Half-hardy annuals also do well in cool weather, but can be damaged by frost. Here are some popular half-hardy annuals:

  • Petunia
  • Salvia
  • Marguerite
  • Strawflower
  • Cleome
  • Bells of Ireland

Tender annuals

Tender annuals only grow well in warm weather. They grow slowly in cool weather and are easily damaged even by light frosts. Here are some popular tender annuals:

  • Coleus
  • Cosmos
  • Fuschia
  • Nasturtium
  • Zinnia
  • Moonflower
corn on plant

Economically important food crops are often annual plants

Some of the most important annuals are crops we need to sustain life. These crops include grains (corn, wheat, barley, oats), squash, melons, peas, legumes, and different types of lettuce.

These popular plants prefer warmer weather and die in the winter months. They only go through one season of growth and have to be replaced the next year with other plants. Their entire life cycle is complete in one growing season.

Pros and cons of an annual plant

With any plant, there are pros and cons to consider before placing them in your garden. Here are some straightforward pros and cons of planting annuals with one life cycle in your yard.


  • Annuals are simple to grow and often have brightly colored flowers
  • They are versatile plants that can be grown in many different places (garden beds, hanging baskets, or terracotta containers)
  • They bloom nonstop from the time they are planted until frost hits, as long as they are cared for correctly
  • Annuals accommodate shade, sun, pests, deer, and more
  • They attract pollinators that will help your garden


  • They must be replanted every year to enjoy them again
  • To keep them blooming, you may have to deadhead them to remove spent buds
  • They may need frequent applications of fertilizer to keep them alive and flourishing
  • In the heat of the summer, daily watering is often necessary

Plants that live through one life cycle are fairly straightforward and easy to care for, besides watering and fertilizing them often. They are a great option as gifts compared to perennial plants. Annual flowers make gorgeous additions to the garden each year and make it easy to switch up each growing season.

Tips for planting annuals

In the early spring, as you get ready to plant your annuals, consider these tips.

  • Plant annuals with plenty of space to grow and reach their full size
  • Apply a slow-release fertilizer to your plants
  • Give them the correct amount of light based on the tag
  • Check your weather and climate before planting to determine when frost will hit
  • Loosen twisted or tight roots before placing them in their new home
  • Relocate annuals quickly to their new home, don’t leave them in their packing containers too long
  • Water well after you relocate them
  • A layer of organic mulch will help with water loss and will help prevent weeds from growing

Annual and perennial plants are amazing to have in the garden and will all bring beautiful greenery to your landscape. Pay attention to the growing seasons in your area and choose the flowering plants that make sense in your climate.

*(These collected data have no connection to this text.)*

theorem mainTheorem3:
  fixes M :: "'a measure"
    and X :: "'a \<Rightarrow> real^'d"
    and A Med Y :: "'a \<Rightarrow> bool"
    and Yp :: "bool \<Rightarrow> bool \<Rightarrow> 'a \<Rightarrow> bool"
    and Mp :: "bool \<Rightarrow> 'a \<Rightarrow> bool"
    and \<epsilon> :: real
  assumes "prob_space M"
    and "X \<in> borel_measurable M"
    and "A \<in> measurable M (count_space UNIV)"
    and "Med \<in> measurable M (count_space UNIV)"
    and "Y \<in> measurable M (count_space UNIV)"
    and "\<And>a m. Yp a m \<in> measurable M (count_space UNIV)"
    and "\<And>a. Mp a \<in> measurable M (count_space UNIV)"
    \<comment> \<open>(A1) consistency\<close>
    and A1: "\<forall>w\<in>space M. Med w = Mp (A w) w \<and> Y w = Yp (A w) (Med w) w"
    and eps: "\<epsilon> > 0"
    \<comment> \<open>(A6)\<close>
    and A6: "AE w in M. ccprob M (sigX M X) Y (\<lambda>v. A v \<and> Med v) w \<ge> \<epsilon>"
    \<comment> \<open>(a) monotonicity\<close>
    and mono: "\<forall>w\<in>space M. Mp False w \<le> Mp True w \<and> (\<forall>m. Yp False m w \<le> Yp True True w)"
    \<comment> \<open>(b)\<close>
    and ci_b: "\<And>m. cond_indep M (sigX M X) A
                 (\<lambda>w. (Yp True True w, Yp False m w, Mp True w, Mp False w))"
    \<comment> \<open>(c)\<close>
    and ci_c: "\<And>m. cond_indep M (sigX M X) (\<lambda>w. (Mp False w, Mp True w)) (Yp False m)"
    \<comment> \<open>(d) positivity\<close>
    and pos0: "\<And>m. AE w in M. cprob M (sigX M X) (\<lambda>v. \<not> A v \<and> Med v = m) w \<ge> \<epsilon>"
    and pos1: "AE w in M. cprob M (sigX M X) (\<lambda>v. A v \<and> Med v) w \<ge> \<epsilon>"
  shows "AE w in M.
    ccprob M (sigX M X) (\<lambda>v. \<not> Yp False (Mp False v) v)
                        (\<lambda>v. Yp True (Mp True v) v \<and> Mp True v) w
    = (1 - ccprob M (sigX M X) Y (\<lambda>v. \<not> A v \<and> \<not> Med v) w
           / ccprob M (sigX M X) Y (\<lambda>v. A v \<and> Med v) w)
      * (1 - ccprob M (sigX M X) Med (\<lambda>v. \<not> A v) w / ccprob M (sigX M X) Med A w)
    + (1 - ccprob M (sigX M X) Y (\<lambda>v. \<not> A v \<and> Med v) w
           / ccprob M (sigX M X) Y (\<lambda>v. A v \<and> Med v) w)
      * (ccprob M (sigX M X) Med (\<lambda>v. \<not> A v) w / ccprob M (sigX M X) Med A w)"
proof -
  interpret mediation_model M X A Med Y Yp Mp
    by (rule mediation_model.intro, fact, unfold_locales) (use assms in auto)
  have "AE w in M. PX (\<lambda>v. A v \<and> Med v) w \<noteq> 0"
    by (rule eventually_mono[OF pos1]) (use eps in auto)
  moreover have "AE w in M. PX (\<lambda>v. \<not> A v \<and> Med v) w \<noteq> 0"
    by (rule eventually_mono[OF pos0[of True]]) (use eps in auto)
  moreover have "AE w in M. PX (\<lambda>v. \<not> A v \<and> \<not> Med v) w \<noteq> 0"
    by (rule eventually_mono[OF pos0[of False]]) (use eps in auto)
  ultimately show ?thesis
    using mu00_identified mu01_identified mu11_identified gamma0_identified gamma1_identified
      PX_Y1M1_decomposition A6
  proof eventually_elim
    case (elim w)
    then have "PX (\<lambda>v. Yp True (Mp True v) v \<and> Mp True v) w / PX (Mp True) w \<noteq> 0"
      using eps by auto
    from principal_stratum_ratio[OF elim(9) this] elim(1-8) show ?case
      by (simp add: ccprob_def[of _ _ "\<lambda>v. \<not> Yp False (Mp False v) v"])
  qed
qed

end
(* A 5-ring is $4K_1$-free if and only if it is $2P_3$-free.
   Context: Graphs are finite and simple. $4K_1$ is the edgeless graph on four vertices; $2P_3$ is the disjoint union of two 3-vertex paths; $H$-free means no induced subgraph isomorphic to $H$. A 5-ring is a graph $R$ whose vertex set can be partitioned into nonempty sets $X_0,\dots,X_4$ (indices in $\mathbb{Z}_5$) such that for each $i$, $X_i$ can be ordered as $u^i_1,\dots,u^i_{|X_i|}$ so that $X_i\subseteq N_R[u^i_{|X_i|}]\subseteq\dots\subseteq N_R[u^i_1]=X_{i-1}\cup X_i\cup X_{i+1}$, where $N_R[v]$ denotes the closed neighbourhood of $v$. *)

theory Defs
  imports Main
begin

definition simple_graph :: "'a set \<Rightarrow> ('a \<Rightarrow> 'a \<Rightarrow> bool) \<Rightarrow> bool" where
  "simple_graph V E \<longleftrightarrow> finite V \<and> (\<forall>x y. E x y \<longrightarrow> x \<in> V \<and> y \<in> V)
     \<and> (\<forall>x y. E x y \<longrightarrow> E y x) \<and> (\<forall>x. \<not> E x x)"

definition closed_nbhd :: "'a set \<Rightarrow> ('a \<Rightarrow> 'a \<Rightarrow> bool) \<Rightarrow> 'a \<Rightarrow> 'a set" where
  "closed_nbhd V E v = {w \<in> V. w = v \<or> E v w}"

definition has_induced :: "'b set \<Rightarrow> ('b \<Rightarrow> 'b \<Rightarrow> bool) \<Rightarrow> 'a set \<Rightarrow> ('a \<Rightarrow> 'a \<Rightarrow> bool) \<Rightarrow> bool" where
  "has_induced VH EH V E \<longleftrightarrow> (\<exists>f. inj_on f VH \<and> f ` VH \<subseteq> V \<and>
      (\<forall>x\<in>VH. \<forall>y\<in>VH. EH x y \<longleftrightarrow> E (f x) (f y)))"

definition H_free :: "'b set \<Rightarrow> ('b \<Rightarrow> 'b \<Rightarrow> bool) \<Rightarrow> 'a set \<Rightarrow> ('a \<Rightarrow> 'a \<Rightarrow> bool) \<Rightarrow> bool" where
  "H_free VH EH V E \<longleftrightarrow> \<not> has_induced VH EH V E"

comparison list between annuals and perennials

FAQs about annual plants

What is an annual plant?

An annual plant is a type of plant that completes its life cycle within one growing season and then dies. The whole process takes under one calendar year. They typically need to be replanted each year unless they are self-sowing and easily re-seed themselves.

How long do annual plants live?

Annual plants usually only live for one growing season, which can vary in length depending on the climate and weather conditions. In some cases (like cold climates), annual plants may only survive for a few months, while in other cases (like tropical climates), they may live for a full year.

How often do you need to plant annuals?

Annuals need to be replanted each year. You will need to plant annuals annually.

Can annual plants be grown in containers?

Yes, annual plants can definitely be grown in containers, such as pots, planters, or hanging baskets. Container gardening is quite a popular way to grow annuals, as it allows you to bring color and interest to small spaces or balconies.

It is important to choose containers that are appropriately sized for the plants you are growing and to provide proper care, including regular watering and fertilization. Containers dry out much faster than in-ground gardens (and have no natural nutrient input source).